Description
The public sector spends some £450 billion annually on buying goods and services from the private sector and yet too often mutual distrust and cultural differences impede fruitful joint working because of their failure to understand each other. In this practical guide the authors argue that while the two sectors are stereotypically seen as dolphins (public sector) and sharks (private sector) causing mutual suspicion these barriers can be broken down once the two sides learn about each other’s characteristics and culture.
The authors describe how to change these perceptions at an individual level by appropriate interaction, dolphin to dolphin, shark to shark. They reveal how the two sectors can appreciate and even copy each other’s strengths, the private sector acquiring more dolphins and the public sector in turn more sharks, building a long-lasting relationship of equals that can help deliver better public services.
Michael Burton has spent over 30 years as a commentator, editor and author working for a private company covering the public sector. He is the author of The Politics of Public Sector Reform from Thatcher to the Coalition (2013) The Politics of Austerity: A Recent History (2016) and From Broke to Brexit: Britain’s Lost Decade (2022). He was for 20 years editor of The MJ (Municipal Journal) the market-leading weekly title for UK local government and a board director of The MJ’s parent publishing and events company.

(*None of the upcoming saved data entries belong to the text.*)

lemma (in comm_group) maximal_positive_cone_relation:
  assumes "torsion_free G" "positive_cone G P"
    and "\<And>Q. positive_cone G Q \<Longrightarrow> P \<subseteq> Q \<Longrightarrow> Q = P"
    and x: "x \<in> carrier G" "x \<noteq> \<one>" "x \<notin> P"
  shows "\<exists>p\<in>P. \<exists>n>0. p \<otimes> x [^] (n::nat) = \<one>"
proof -
  obtain p n where pn: "\<one> = p \<otimes> x [^] (n::nat)" "p \<in> insert \<one> P" "p \<in> P \<or> 0 < n"
    using one_mem_cone_extension[OF assms(2,3) x(1,3)] unfolding cone_extension_def by blast
  show ?thesis
  proof (cases "p \<in> P")
    case True
    with assms(2) have "p \<in> carrier G" "p \<noteq> \<one>"
      by (auto simp: positive_cone_def)
    with pn(1)[symmetric] have "n \<noteq> 0"
      by (metis nat_pow_0 r_one)
    with True pn(1)[symmetric] show ?thesis
      by blast
  next
    case False
    with pn x(1) have "x [^] n = \<one>" "0 < n"
      by auto
    with assms(1) x(1,2) show ?thesis
      unfolding torsion_free_def by blast
  qed
qed

lemma (in comm_group) maximal_positive_cone_total:
  assumes "torsion_free G" "positive_cone G P"
    and "\<And>Q. positive_cone G Q \<Longrightarrow> P \<subseteq> Q \<Longrightarrow> Q = P"
    and x: "x \<in> carrier G" "x \<noteq> \<one>"
  shows "x \<in> P \<or> inv x \<in> P"
proof (rule ccontr)
  assume neither: "\<not> (x \<in> P \<or> inv x \<in> P)"
  have ix: "inv x \<in> carrier G" "inv x \<noteq> \<one>"
    using x by auto
  obtain p n where p: "p \<in> P" "0 < n" "p \<otimes> x [^] (n::nat) = \<one>"
    using maximal_positive_cone_relation[OF assms(1-3) x] neither by blast
  obtain q r where q: "q \<in> P" "0 < r" "q \<otimes> inv x [^] (r::nat) = \<one>"
    using maximal_positive_cone_relation[OF assms(1-3) ix] neither by blast
  have pq: "p \<in> carrier G" "q \<in> carrier G"
    using p(1) q(1) assms(2) by (auto simp: positive_cone_def)
  have "p = inv (x [^] n)"
    using inv_equality[OF p(3)] pq x(1) by simp
  moreover have "q = x [^] r"
    using inv_equality[of q "inv (x [^] r)"] q(3) pq x(1) by (simp add: nat_pow_inv)
  ultimately have "p [^] r \<otimes> q [^] n = \<one>"
    using x(1) by (simp add: nat_pow_inv nat_pow_pow mult.commute)
  moreover have "p [^] r \<otimes> q [^] n \<in> P"
    using assms(2) positive_cone_nat_pow[OF assms(2)] p q
    unfolding positive_cone_def by blast
  ultimately show False
    using assms(2) unfolding positive_cone_def by simp
qed

lemma (in comm_group) torsion_free_imp_total_positive_cone:
  assumes "torsion_free G"
  obtains P where "positive_cone G P"
    and "\<And>x. x \<in> carrier G \<Longrightarrow> x \<noteq> \<one> \<Longrightarrow> x \<in> P \<or> inv x \<in> P"
  using maximal_positive_cone_exists[of G] maximal_positive_cone_total[OF assms] by metis

lemma finite_total_trans_has_least:
  assumes "finite S" "S \<noteq> {}"
    and "\<And>x y z. x \<in> S \<Longrightarrow> y \<in> S \<Longrightarrow> z \<in> S \<Longrightarrow> R x y \<Longrightarrow> R y z \<Longrightarrow> R x z"
    and "\<And>x y. x \<in> S \<Longrightarrow> y \<in> S \<Longrightarrow> x \<noteq> y \<Longrightarrow> R x y \<or> R y x"
  shows "\<exists>m\<in>S. \<forall>s\<in>S. s \<noteq> m \<longrightarrow> R m s"
  using assms
proof (induction S rule: finite_ne_induct)
  case (insert x F)
  then obtain m where m: "m \<in> F" "\<forall>s\<in>F. s \<noteq> m \<longrightarrow> R m s"
    by (metis insertCI)
  show ?case
  proof (cases "R x m")
    case True
    with m insert.prems(1) show ?thesis
      by (metis insertCI insert_iff)
  next
    case False
    have "x \<noteq> m"
      using m(1) insert.hyps by blast
    with False m(1) insert.prems(2)[of x m] have "R m x"
      by blast
    with m show ?thesis
      by blast
  qed
qed simp

lemma (in group) card_l_coset:
  assumes "a \<in> carrier G" "H \<subseteq> carrier G"
  shows "card (a <# H) = card H"
proof -
  have "inj_on (\<lambda>h. a \<otimes> h) H"
    using inj_on_cmult[OF assms(1)] assms(2) by (rule inj_on_subset)
  then show ?thesis
    by (simp add: l_coset_def UNION_singleton_eq_range card_image)
qed

lemma (in comm_group) mult_inv_mult_distrib:
  assumes "x \<in> carrier G" "y \<in> carrier G" "u \<in> carrier G" "v \<in> carrier G"
  shows "(y \<otimes> v) \<otimes> inv (x \<otimes> u) = (y \<otimes> inv x) \<otimes> (v \<otimes> inv u)"
  using assms by (simp add: inv_mult_group m_ac)

locale ordered_comm_group = comm_group G for G (structure) +
  fixes P :: "'a set"
  assumes positive_cone: "positive_cone G P"
    and positive_or_inv_positive: "\<lbrakk>x \<in> carrier G; x \<noteq> \<one>\<rbrakk> \<Longrightarrow> x \<in> P \<or> inv x \<in> P"
begin

definition cone_less :: "'a \<Rightarrow> 'a \<Rightarrow> bool" (infix \<open>\<lessdot>\<close> 50) where
  "x \<lessdot> y \<longleftrightarrow> y \<otimes> inv x \<in> P"

lemma cone_less_irrefl: "x \<in> carrier G \<Longrightarrow> \<not> x \<lessdot> x"
  using positive_cone by (simp add: cone_less_def positive_cone_def)

lemma cone_less_mult_mono:
  assumes "x \<in> carrier G" "y \<in> carrier G" "u \<in> carrier G" "v \<in> carrier G"
    and "x = y \<or> x \<lessdot> y" "u \<lessdot> v"
  shows "x \<otimes> u \<lessdot> y \<otimes> v"
proof -
  have "y \<otimes> inv x = \<one> \<or> y \<otimes> inv x \<in> P"
    using assms(1,5) by (auto simp: cone_less_def)
  with assms(6) positive_cone have "(y \<otimes> inv x) \<otimes> (v \<otimes> inv u) \<in> P"
    using assms(3,4) by (auto simp: cone_less_def positive_cone_def)
  then show ?thesis
    using assms(1-4) by (simp add: cone_less_def mult_inv_mult_distrib)
qed

lemma cone_less_trans:
  assumes "x \<in> carrier G" "y \<in> carrier G" "z \<in> carrier G" "x \<lessdot> y" "y \<lessdot> z"
  shows "x \<lessdot> z"
proof -
  have "z \<otimes> inv x = (z \<otimes> inv y) \<otimes> (y \<otimes> inv x)"
    using assms(1-3) by (simp add: m_assoc inv_solve_left)
  with assms(4,5) positive_cone show ?thesis
    by (simp add: cone_less_def positive_cone_def)
qed

lemma cone_less_linear:
  assumes "x \<in> carrier G" "y \<in> carrier G" "x \<noteq> y"
  shows "x \<lessdot> y \<or> y \<lessdot> x"
proof -
  have "y \<otimes> inv x \<noteq> \<one>"
    using assms inv_equality by fastforce
  then have "y \<otimes> inv x \<in> P \<or> inv (y \<otimes> inv x) \<in> P"
    using assms positive_or_inv_positive by simp
  then show ?thesis
    using assms by (simp add: cone_less_def inv_mult_group)
qed

lemma exists_least:
  assumes "finite S" "S \<noteq> {}" "S \<subseteq> carrier G"
  shows "\<exists>m\<in>S. \<forall>s\<in>S. s \<noteq> m \<longrightarrow> m \<lessdot> s"
  by (rule finite_total_trans_has_least[OF assms(1,2)])
    (meson assms(3) cone_less_trans subsetD, meson assms(3) cone_less_linear subsetD)

lemma exists_greatest:
  assumes "finite S" "S \<noteq> {}" "S \<subseteq> carrier G"
  shows "\<exists>m\<in>S. \<forall>s\<in>S. s \<noteq> m \<longrightarrow> s \<lessdot> m"
  by (rule finite_total_trans_has_least[OF assms(1,2), where R = "\<lambda>x y. y \<lessdot> x"])
    (meson assms(3) cone_less_trans subsetD, meson assms(3) cone_less_linear subsetD)

lemma card_l_coset_Un_l_coset:
  assumes "w \<in> carrier G" "m \<in> carrier G" "H \<subseteq> carrier G" "K \<subseteq> carrier G"
    and "finite H" "finite K"
    and below: "\<forall>x\<in>H. x = m \<or> x \<lessdot> m" and above: "\<forall>c\<in>K. w \<lessdot> c"
  shows "card ((w <# H) \<union> (m <# K)) = card H + card K"
proof -
  have "w \<otimes> x \<noteq> m \<otimes> c" if "x \<in> H" "c \<in> K" for x c
  proof -
    have "x \<otimes> w \<lessdot> m \<otimes> c"
      using that assms by (intro cone_less_mult_mono) auto
    moreover have "x \<otimes> w = w \<otimes> x" "m \<otimes> c \<in> carrier G"
      using that assms(1-4) by (blast intro: m_comm, blast)
    ultimately show ?thesis
      using cone_less_irrefl by metis
  qed
  then have "(w <# H) \<inter> (m <# K) = {}"
    by (auto simp: l_coset_def)
  moreover have "finite (w <# H)" "finite (m <# K)"
    using assms(5,6) by (simp_all add: l_coset_def)
  ultimately show ?thesis
    using assms(1-4) by (simp add: card_Un_disjoint card_l_coset)
qed

lemma card_set_mult_lower_bound:
  assumes "finite B" "finite Y" "B \<noteq> {}" "Y \<noteq> {}" "B \<subseteq> carrier G" "Y \<subseteq> carrier G"
  shows "card B + card Y \<le> card (B <#> Y) + 1"
proof -
  obtain b where b: "b \<in> B" "\<forall>c\<in>B. c \<noteq> b \<longrightarrow> b \<lessdot> c"
    using exists_least assms(1,3,5) by blast
  obtain m where m: "m \<in> Y" "\<forall>y\<in>Y. y \<noteq> m \<longrightarrow> y \<lessdot> m"
    using exists_greatest assms(2,4,6) by blast
  have "card ((b <# Y) \<union> (m <# (B - {b}))) = card Y + card (B - {b})"
    using b m assms by (intro card_l_coset_Un_l_coset) auto
  moreover have "(b <# Y) \<union> (m <# (B - {b})) \<subseteq> B <#> Y"
  proof -
    have "m \<otimes> c \<in> B <#> Y" if "c \<in> B" for c
      using that m(1) assms(5,6) m_comm[of m c] by (auto simp: set_mult_def)
    with b(1) show ?thesis
      by (auto simp: l_coset_def set_mult_def)
  qed
  moreover have "finite (B <#> Y)"
    using assms by (simp add: set_mult_def)
  ultimately have "card Y + card (B - {b}) \<le> card (B <#> Y)"
    by (metis card_mono)
  moreover have "Suc (card (B - {b})) = card B"
    by (intro card_Suc_Diff1 assms(1) b(1))
  ultimately show ?thesis
    by linarith
qed

end

definition restricted_prods_on ::
  "('a, 'b) monoid_scheme \<Rightarrow> nat \<Rightarrow> (nat \<Rightarrow> 'a set) \<Rightarrow> nat set \<Rightarrow> 'a set" where
  "restricted_prods_on G l A I =
     {finprod G a {..<l} | (i :: nat \<Rightarrow> nat) (a :: nat \<Rightarrow> 'a).
        inj_on i {..<l} \<and> i ` {..<l} \<subseteq> I \<and> (\<forall>j<l. a j \<in> A (i j))}"

lemma restricted_prods_eq_restricted_prods_on:
  "restricted_prods G l A m = restricted_prods_on G l A {1..m}"
  by (simp add: restricted_prods_def restricted_prods_on_def)

context comm_monoid
begin

lemma restricted_prods_on_subset_carrier:
  assumes "\<forall>i\<in>I. A i \<subseteq> carrier G"
  shows "restricted_prods_on G l A I \<subseteq> carrier G"
  using assms by (fastforce simp: restricted_prods_on_def intro!: finprod_closed)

Richard Smith is a former professor and private sector executive who then worked for a local authority leading its in-house workforce in a successful competitive tender against private contractors. It was this experience which later led him to create Public Sector plc, a concept based on ‘relational partnering,’ a multi-million-pound public-private property business. He is founder of the Centre for Partnering which promotes the value of partnering through a relational framework to deliver enhanced social and public value to communities.